Canadian Growth Stocks to Watch in October: goeasy and Shopify
September was a challenging month for Canadian investors, as the S&P/TSX Composite Index dropped nearly 5%. This marked yet another significant decline in a year that has seen several similar drops. Despite experiencing three 5% surges in 2023, the Canadian stock market as a whole has remained relatively stagnant.
While short-term investors may be hesitant to enter the volatile market, those with a long-term perspective have the opportunity to take advantage of discounted growth stocks on the TSX. In this article, we will review two Canadian stocks that growth investors should watch in October. These picks offer different opportunities, making them a great addition to any portfolio.
First, let’s take a look at goeasy (TSX:GSY), a financial services provider that may not be familiar to all Canadian growth investors. However, its returns over the past decade have been exceptional. The stock has surged close to 600% in the last ten years and over 100% in the last five years. While growth has slowed in recent years, goeasy’s stock price has also pulled back significantly from its all-time highs in late 2021. Like many other growth stocks, goeasy experienced a substantial decline following the market crash caused by the COVID-19 pandemic. The company’s shares have also been negatively affected by high interest rates. However, these rates are expected to be temporary, which is an encouraging sign for long-term investors. With goeasy’s share price currently down 50% from its all-time highs, there may not be another buying opportunity like this for some time.
Next, we turn our attention to Shopify (TSX:SHOP), a Canadian tech stock that was, at one point, the largest company on the TSX. In late 2022, Shopify’s shares were down a staggering 80% from their all-time highs set in 2021. Although the stock has rebounded 50% year to date, it still trades more than 60% below its peak. Like many high-growth tech stocks, Shopify’s stock price reached unsustainable levels in 2021. When the tech sector experienced a downturn in 2022, it was not entirely surprising. However, Shopify remains a dominant player in the global e-commerce space, which offers numerous long-term growth opportunities. Despite the volatility, Shopify shows no signs of slowing down, making it an attractive option for investors who can endure the market’s ups and downs.
Investing in today’s volatile market conditions is not easy, but these difficult times often present can’t-miss buying opportunities. Instead of solely focusing on the share price, it’s essential to evaluate a company’s long-term growth potential. If you believe in a company’s ability to continue growing for many years to come, a 50% discount on its stock price should catch your attention.

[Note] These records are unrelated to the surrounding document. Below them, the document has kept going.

(* Let $a_1,a_2,\dots$ be positive integers. For all $n\ge 2$, $Q_n(x)=p_n(x,x+1)$.
   Context: Fix positive integers $a_1,a_2,\dots$. Define polynomials $Q_n(x)\in\mathbb{Z}[x]$ by $Q_0(x)=1$, $Q_1(x)=x+a_1$, and $Q_n(x)=(-1)^{n+1}a_nQ_{n-1}(x)+x(x+1)Q_{n-2}(x)$ for $n\ge 2$. Equivalently, $Q_n(x)$ is the determinant of the $n\times n$ tridiagonal matrix $M_n=(m_{ij})$ defined by: - $m_{11}=x+a_1$ and $m_{kk}=(-1)^{k+1}a_k$ for $k\ge 2$; - $m_{i,i+1}=-(x+1)$ for odd $i$ and $m_{i,i+1}=-x$ for even $i$; - $m_{i,i-1}=x$ for even $i$ and $m_{i,i-1}=x+1$ for odd $i\ge3$; - all other entries $0$. For $n\ge1$, $1\le l\le n$, let $I_{n,l}$ be the set of strictly increasing sequences $(t_1,\dots,t_l)$ in $\{1,\dots,n\}$ with $t_i\equiv n+i-l\pmod 2$ for all $i$. Let $a_{\mathbf t}=a_{t_1}\cdots a_{t_l}$ and $\gamma_n(l)=\sum_{\mathbf t\in I_{n,l}}a_{\mathbf t}$, with $\gamma_n(0)=1$. For $n\ge2$ write $n=2m+r_0$ with $r_0\in\{0,1\}$ and $r_1=1-r_0$, and define $$p_n(x,y)=x^{r_0}\sum_{k=0}^{m}(-1)^{m-k}x^ky^k\gamma_n(n-2k-r_0)+x^{r_1}\sum_{k=0}^{m-r_1}(-1)^{m-k}x^ky^k\gamma_n(n-2k-r_1).$$ *)

theory Defs
  imports "HOL-Computational_Algebra.Polynomial" "HOL-Number_Theory.Cong"
begin

text \<open>The sequence a is indexed from 1 (a 0 is unused).
  Q a n is the polynomial Q_n(x) in Z[x].\<close>
fun Q :: "(nat \<Rightarrow> int) \<Rightarrow> nat \<Rightarrow> int poly" where
  "Q a 0 = 1"
| "Q a (Suc 0) = [:a 1, 1:]"
| "Q a (Suc (Suc k)) =
     smult ((-1) ^ (k + 3) * a (k + 2)) (Q a (Suc k)) + [:0, 1:] * [:1, 1:] * Q a k"

text \<open>I_{n,l}: strictly increasing sequences (t_1,...,t_l) in {1..n} with
  t_i = n + i - l (mod 2); represented as lists, list index j = i - 1.\<close>
definition I_set :: "nat \<Rightarrow> nat \<Rightarrow> nat list set" where
  "I_set n l = {ts. length ts = l \<and> sorted_wrt (<) ts \<and> set ts \<subseteq> {1..n} \<and>
      (\<forall>j<l. [int (ts ! j) = int n + int (j + 1) - int l] (mod 2))}"

definition gamma :: "(nat \<Rightarrow> int) \<Rightarrow> nat \<Rightarrow> nat \<Rightarrow> int" where
  "gamma a n l = (if l = 0 then 1 else (\<Sum>ts\<in>I_set n l. \<Prod>t\<leftarrow>ts. a t))"

definition p :: "(nat \<Rightarrow> int) \<Rightarrow> nat \<Rightarrow> 'r::comm_ring_1 \<Rightarrow> 'r \<Rightarrow> 'r" where
  "p a n x y =
    (let m = n div 2; r0 = n mod 2; r1 = 1 - r0 in
      x ^ r0 * (\<Sum>k=0..m. (-1) ^ (m - k) * x ^ k * y ^ k * of_int (gamma a n (n - 2 * k - r0)))
    + x ^ r1 * (\<Sum>k=0..m - r1. (-1) ^ (m - k) * x ^ k * y ^ k * of_int (gamma a n (n - 2 * k - r1))))"

end

theory Submission
  imports Defs
begin

text \<open>Collecting the terms of Q_n by the number l of factors a_t they contain gives
  Q_n = sum over l of (+-) x^ceil((n-l)/2) (x+1)^floor((n-l)/2) gamma_n(l). This follows by
  induction from the three-term recursion of Q_n, since
  gamma_n(l) = a_n gamma_(n-1)(l-1) + gamma_(n-2)(l): an admissible sequence either ends in n
  or lies in {1..n-2}, because its last entry has the parity of n. The polynomial p_n(x,x+1)
  is the same sum with the terms of even and of odd l grouped separately.\<close>

lemma I_set_parity:
  "I_set n l = {ts. length ts = l \<and> sorted_wrt (<) ts \<and> set ts \<subseteq> {1..n} \<and>
      (\<forall>j<l. even (ts ! j + n + (j + 1) + l))}"
proof -
  have "[int t = int n + int (j + 1) - int l] (mod 2) \<longleftrightarrow> even (t + n + (j + 1) + l)" for t j
    unfolding cong_def by presburger
  then show ?thesis
    unfolding I_set_def by simp
qed

lemma finite_I_set: "finite (I_set n l)"
proof (rule finite_subset)
  show "I_set n l \<subseteq> {ts. set ts \<subseteq> {1..n} \<and> length ts = l}"
    by (auto simp: I_set_parity)
  show "finite {ts. set ts \<subseteq> {1..n} \<and> length ts = l}"
    by (rule finite_lists_length_eq) simp
qed

lemma length_le_if_sorted_wrt_less:
  assumes "sorted_wrt (<) ts" and "set ts \<subseteq> {1..n}"
  shows "length ts \<le> n"
proof -
  have "length ts = card (set ts)"
    using assms(1) by (simp add: strict_sorted_iff distinct_card)
  also have "\<dots> \<le> card {1..n}"
    using assms(2) by (intro card_mono) auto
  finally show ?thesis by simp
qed

lemma I_set_eq_empty: "n < l \<Longrightarrow> I_set n l = {}"
  using length_le_if_sorted_wrt_less by (fastforce simp: I_set_parity)

lemma I_set_1_1: "I_set 1 1 = {[1]}"
proof -
  have "ts = [1]" if "ts \<in> I_set 1 1" for ts
    using that by (cases ts) (auto simp: I_set_parity)
  moreover have "[1] \<in> I_set 1 1"
    by (auto simp: I_set_parity)
  ultimately show ?thesis by blast
qed

lemma I_set_subset_Suc_Suc: "I_set n l \<subseteq> I_set (Suc (Suc n)) l"
  by (auto simp: I_set_parity)

lemma snoc_mem_I_set_Suc_Suc:
  assumes "xs \<in> I_set (Suc n) k"
  shows "xs @ [Suc (Suc n)] \<in> I_set (Suc (Suc n)) (Suc k)"
proof -
  from assms have len: "length xs = k" and "sorted_wrt (<) xs" "set xs \<subseteq> {1..Suc n}"
    and par: "\<forall>j<k. even (xs ! j + Suc n + (j + 1) + k)"
    by (auto simp: I_set_parity)
  moreover have "even ((xs @ [Suc (Suc n)]) ! j + Suc (Suc n) + (j + 1) + Suc k)" if "j < Suc k" for j
    using that par len by (auto simp: nth_append less_Suc_eq)
  ultimately show ?thesis
    by (auto simp: I_set_parity sorted_wrt_append)
qed

lemma mem_I_set_Suc_SucE:
  assumes "ts \<in> I_set (Suc (Suc n)) (Suc k)"
  obtains xs where "xs \<in> I_set (Suc n) k" "ts = xs @ [Suc (Suc n)]"
    | "ts \<in> I_set n (Suc k)"
proof -
  from assms have "ts \<noteq> []"
    by (auto simp: I_set_parity)
  then obtain xs t where ts: "ts = xs @ [t]"
    by (metis rev_exhaust)
  from assms have len: "length xs = k" and srt: "sorted_wrt (<) xs" and lt: "\<forall>x\<in>set xs. x < t"
    and range: "set xs \<subseteq> {1..Suc (Suc n)}" "t \<in> {1..Suc (Suc n)}"
    and par: "\<forall>j<Suc k. even ((xs @ [t]) ! j + Suc (Suc n) + (j + 1) + Suc k)"
    by (auto simp: I_set_parity ts sorted_wrt_append)
  have "even (t + n)"
    using par[rule_format, of k] len by (auto simp: nth_append)
  show thesis
  proof (cases "t = Suc (Suc n)")
    case True
    have "even (xs ! j + Suc n + (j + 1) + k)" if "j < k" for j
      using par[rule_format, of j] that len by (simp add: nth_append)
    then have "xs \<in> I_set (Suc n) k"
      using len srt lt range True by (auto simp: I_set_parity less_Suc_eq_le)
    then show thesis
      using that(1) True ts by blast
  next
    case False
    with range \<open>even (t + n)\<close> have "t \<le> n"
      by auto presburger+
    then have "ts \<in> I_set n (Suc k)"
      unfolding I_set_parity ts using len srt lt range par
      by (auto simp: sorted_wrt_append; fastforce)
    then show thesis
      using that(2) by blast
  qed
qed

lemma I_set_Suc_Suc:
  "I_set (Suc (Suc n)) (Suc k) = (\<lambda>xs. xs @ [Suc (Suc n)]) ` I_set (Suc n) k \<union> I_set n (Suc k)"
  using I_set_subset_Suc_Suc by (auto elim!: mem_I_set_Suc_SucE intro: snoc_mem_I_set_Suc_Suc)

lemma gamma_eq_sum: "gamma a n l = (\<Sum>ts\<in>I_set n l. \<Prod>t\<leftarrow>ts. a t)"
proof -
  have "I_set n 0 = {[]}"
    by (auto simp: I_set_parity)
  then show ?thesis
    by (simp add: gamma_def)
qed

lemma gamma_eq_0: "n < l \<Longrightarrow> gamma a n l = 0"
  by (simp add: gamma_eq_sum I_set_eq_empty)

lemma gamma_Suc_Suc:
  "gamma a (Suc (Suc n)) (Suc k) = a (Suc (Suc n)) * gamma a (Suc n) k + gamma a n (Suc k)"
proof -
  let ?snoc = "\<lambda>xs. xs @ [Suc (Suc n)]"
  have disjoint: "?snoc ` I_set (Suc n) k \<inter> I_set n (Suc k) = {}"
    by (auto simp: I_set_parity)
  have "gamma a (Suc (Suc n)) (Suc k) =
      (\<Sum>ts\<in>?snoc ` I_set (Suc n) k. \<Prod>t\<leftarrow>ts. a t) + gamma a n (Suc k)"
    unfolding gamma_eq_sum I_set_Suc_Suc
    by (rule sum.union_disjoint) (auto simp: finite_I_set disjoint)
  also have "(\<Sum>ts\<in>?snoc ` I_set (Suc n) k. \<Prod>t\<leftarrow>ts. a t)
      = (\<Sum>xs\<in>I_set (Suc n) k. (\<Prod>t\<leftarrow>xs. a t) * a (Suc (Suc n)))"
    by (subst sum.reindex) (auto simp: inj_on_def)
  finally show ?thesis
    by (simp add: gamma_eq_sum sum_distrib_left mult.commute)
qed

definition expansion_sign :: "nat \<Rightarrow> nat \<Rightarrow> int" where
  "expansion_sign n l = (-1) ^ (l div 2 + (if odd l \<and> even n then 1 else 0))"

lemma expansion_sign_Suc_Suc: "expansion_sign (Suc (Suc n)) l = expansion_sign n l"
  by (simp add: expansion_sign_def)

lemma expansion_sign_Suc_Suc_Suc:
  "expansion_sign (Suc (Suc n)) (Suc k) = (-1) ^ (n + 3) * expansion_sign (Suc n) k"
  by (cases "even k"; cases "even n") (auto simp: expansion_sign_def power_add elim!: evenE oddE)

definition Q_expansion :: "(nat \<Rightarrow> int) \<Rightarrow> nat \<Rightarrow> 'r::comm_ring_1 \<Rightarrow> 'r \<Rightarrow> 'r" where
  "Q_expansion a n x y =
    (\<Sum>l\<le>n. of_int (expansion_sign n l * gamma a n l) * x ^ ((n - l + 1) div 2) * y ^ ((n - l) div 2))"

lemma Q_expansion_Suc_Suc:
  "Q_expansion a (Suc (Suc n)) x y =
     of_int ((-1) ^ (n + 3) * a (n + 2)) * Q_expansion a (Suc n) x y + x * y * Q_expansion a n x y"
proof -
  define U where "U l = of_int (expansion_sign (Suc (Suc n)) l * gamma a n l)
      * x ^ ((Suc (Suc n) - l + 1) div 2) * y ^ ((Suc (Suc n) - l) div 2)" for l
  let ?c = "of_int ((-1) ^ (n + 3) * a (n + 2))"
  let ?T = "\<lambda>m l. of_int (expansion_sign m l * gamma a m l) * x ^ ((m - l + 1) div 2) * y ^ ((m - l) div 2)"
  have term_Suc: "?T (Suc (Suc n)) (Suc k) = ?c * ?T (Suc n) k + U (Suc k)" for k
    unfolding U_def gamma_Suc_Suc expansion_sign_Suc_Suc_Suc by (simp add: algebra_simps)
  have U_le: "U l = x * y * ?T n l" if "l \<le> n" for l
  proof -
    have "Suc (Suc n) - l + 1 = Suc (Suc (n - l + 1))" "Suc (Suc n) - l = Suc (Suc (n - l))"
      using that by simp_all
    then show ?thesis
      unfolding U_def expansion_sign_Suc_Suc by (simp add: algebra_simps)
  qed
  have "Q_expansion a (Suc (Suc n)) x y = U 0 + (\<Sum>k\<le>Suc n. ?T (Suc (Suc n)) (Suc k))"
    unfolding Q_expansion_def
    by (subst sum.atMost_Suc_shift) (simp add: U_def expansion_sign_Suc_Suc gamma_def)
  also have "\<dots> = ?c * Q_expansion a (Suc n) x y + (U 0 + (\<Sum>k\<le>Suc n. U (Suc k)))"
    unfolding term_Suc sum.distrib Q_expansion_def sum_distrib_left by (simp add: ac_simps)
  also have "U 0 + (\<Sum>k\<le>Suc n. U (Suc k)) = (\<Sum>l\<le>Suc (Suc n). U l)"
    by (subst sum.atMost_Suc_shift) simp
  also have "\<dots> = (\<Sum>l\<le>n. U l)"
    by (simp add: U_def gamma_eq_0)
  also have "\<dots> = x * y * Q_expansion a n x y"
    unfolding Q_expansion_def sum_distrib_left by (simp add: U_le)
  finally show ?thesis .
qed

lemma Q_eq_Q_expansion: "Q a n = Q_expansion a n [:0, 1:] [:1, 1:]"
proof (induction a n rule: Q.induct)
  case (1 a)
  then show ?case
    by (simp add: Q_expansion_def expansion_sign_def gamma_def)
next
  case (2 a)
  have "gamma a 1 1 = a 1"
    unfolding gamma_def I_set_1_1 by simp
  then show ?case
    by (simp add: Q_expansion_def expansion_sign_def gamma_def of_int_poly)
next
  case (3 a k)
  then show ?case
    by (simp add: Q_expansion_Suc_Suc of_int_poly)
qed

lemma sum_lessThan_double:
  fixes f :: "nat \<Rightarrow> 'a::comm_monoid_add"
  shows "(\<Sum>l<2 * N. f l) = (\<Sum>j<N. f (2 * j)) + (\<Sum>j<N. f (2 * j + 1))"
  by (induction N) (simp_all add: algebra_simps)

lemma p_even_eq_Q_expansion:
  fixes x y :: "'r::comm_ring_1"
  assumes "m \<ge> 1"
  shows "p a (2 * m) x y = Q_expansion a (2 * m) x y"
proof -
  let ?T = "\<lambda>l. of_int (expansion_sign (2 * m) l * gamma a (2 * m) l)
      * x ^ ((2 * m - l + 1) div 2) * y ^ ((2 * m - l) div 2)"
  have even_terms: "(\<Sum>k=0..m. (-1) ^ (m - k) * x ^ k * y ^ k * of_int (gamma a (2 * m) (2 * m - 2 * k)))
      = (\<Sum>j\<le>m. ?T (2 * j))"
  proof (subst sum.atLeastAtMost_rev, unfold atLeast0AtMost, rule sum.cong)
    fix j assume "j \<in> {..m}"
    then obtain d where "m = j + d"
      using le_Suc_ex by auto
    then show "(-1) ^ (m - (m + 0 - j)) * x ^ (m + 0 - j) * y ^ (m + 0 - j)
        * of_int (gamma a (2 * m) (2 * m - 2 * (m + 0 - j))) = ?T (2 * j)"
      by (simp add: expansion_sign_def)
  qed simp
  have odd_terms: "x * (\<Sum>k=0..m - 1. (-1) ^ (m - k) * x ^ k * y ^ k
        * of_int (gamma a (2 * m) (2 * m - 2 * k - 1))) = (\<Sum>j<m. ?T (2 * j + 1))"
  proof (subst sum.atLeastAtMost_rev, unfold atLeast0AtMost sum_distrib_left, rule sum.cong)
    show "{..m - 1} = {..<m}"
      using assms by auto
  next
    fix j assume "j \<in> {..<m}"
    then obtain d where "m = j + d + 1"
      using less_imp_Suc_add by fastforce
    then show "x * ((-1) ^ (m - (m - 1 + 0 - j)) * x ^ (m - 1 + 0 - j) * y ^ (m - 1 + 0 - j)
        * of_int (gamma a (2 * m) (2 * m - 2 * (m - 1 + 0 - j) - 1))) = ?T (2 * j + 1)"
      by (simp add: expansion_sign_def algebra_simps)
  qed
  have "Q_expansion a (2 * m) x y = (\<Sum>l<2 * m. ?T l) + ?T (2 * m)"
    unfolding Q_expansion_def by (simp add: lessThan_Suc_atMost[symmetric])
  also have "\<dots> = (\<Sum>j\<le>m. ?T (2 * j)) + (\<Sum>j<m. ?T (2 * j + 1))"
    unfolding sum_lessThan_double by (simp add: lessThan_Suc_atMost[symmetric])
  finally show ?thesis
    using even_terms odd_terms by (simp add: p_def Let_def)
qed

lemma p_odd_eq_Q_expansion:
  fixes x y :: "'r::comm_ring_1"
  shows "p a (2 * m + 1) x y = Q_expansion a (2 * m + 1) x y"
proof -
  let ?T = "\<lambda>l. of_int (expansion_sign (2 * m + 1) l * gamma a (2 * m + 1) l)
      * x ^ ((2 * m + 1 - l + 1) div 2) * y ^ ((2 * m + 1 - l) div 2)"
  have even_terms: "x * (\<Sum>k=0..m. (-1) ^ (m - k) * x ^ k * y ^ k
        * of_int (gamma a (2 * m + 1) (2 * m + 1 - 2 * k - 1))) = (\<Sum>j\<le>m. ?T (2 * j))"
  proof (subst sum.atLeastAtMost_rev, unfold atLeast0AtMost sum_distrib_left, rule sum.cong)
    fix j assume "j \<in> {..m}"
    then obtain d where "m = j + d"
      using le_Suc_ex by auto
    then show "x * ((-1) ^ (m - (m + 0 - j)) * x ^ (m + 0 - j) * y ^ (m + 0 - j)
        * of_int (gamma a (2 * m + 1) (2 * m + 1 - 2 * (m + 0 - j) - 1))) = ?T (2 * j)"
      by (simp add: expansion_sign_def algebra_simps)
  qed simp
  have odd_terms: "(\<Sum>k=0..m. (-1) ^ (m - k) * x ^ k * y ^ k
        * of_int (gamma a (2 * m + 1) (2 * m + 1 - 2 * k))) = (\<Sum>j\<le>m. ?T (2 * j + 1))"
  proof (subst sum.atLeastAtMost_rev, unfold atLeast0AtMost, rule sum.cong)
    fix j assume "j \<in> {..m}"
    then obtain d where "m = j + d"
      using le_Suc_ex by auto
    then show "(-1) ^ (m - (m + 0 - j)) * x ^ (m + 0 - j) * y ^ (m + 0 - j)
        * of_int (gamma a (2 * m + 1) (2 * m + 1 - 2 * (m + 0 - j))) = ?T (2 * j + 1)"
      by (simp add: expansion_sign_def algebra_simps)
  qed simp
  have "Q_expansion a (2 * m + 1) x y = (\<Sum>l<2 * (m + 1). ?T l)"
    unfolding Q_expansion_def by (simp add: lessThan_Suc_atMost[symmetric])
  also have "\<dots> = (\<Sum>j\<le>m. ?T (2 * j)) + (\<Sum>j\<le>m. ?T (2 * j + 1))"
    unfolding sum_lessThan_double by (simp add: lessThan_Suc_atMost)
  finally show ?thesis
    using even_terms odd_terms by (simp add: p_def Let_def)
qed

lemma p_eq_Q_expansion:
  fixes x y :: "'r::comm_ring_1"
  assumes "n \<ge> 1"
  shows "p a n x y = Q_expansion a n x y"
proof (cases "even n")
  case True
  then obtain m where "n = 2 * m"
    by (elim evenE)
  with assms p_even_eq_Q_expansion[of m] show ?thesis
    by simp
next
  case False
  then obtain m where "n = 2 * m + 1"
    by (elim oddE)
  then show ?thesis
    using p_odd_eq_Q_expansion[of a m] by simp
qed

theorem corollary1:
  fixes a :: "nat \<Rightarrow> int" and n :: nat
  assumes "\<forall>k\<ge>1. a k > 0"
    and "n \<ge> 2"
  shows "Q a n = p a n [:0, 1:] [:1, 1:]"
  \<comment> \<open>The identity holds for arbitrary integers a_k.\<close>
  using assms(2) by (simp add: Q_eq_Q_expansion p_eq_Q_expansion)

end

In conclusion, goeasy and Shopify are two Canadian growth stocks worth watching in October. goeasy, despite being lesser-known, offers impressive returns over the past decade and a discounted price from its all-time highs. Shopify, on the other hand, has experienced significant volatility but remains a strong contender in the e-commerce industry. By carefully evaluating these stocks and their long-term growth prospects, investors can capitalize on the current market conditions.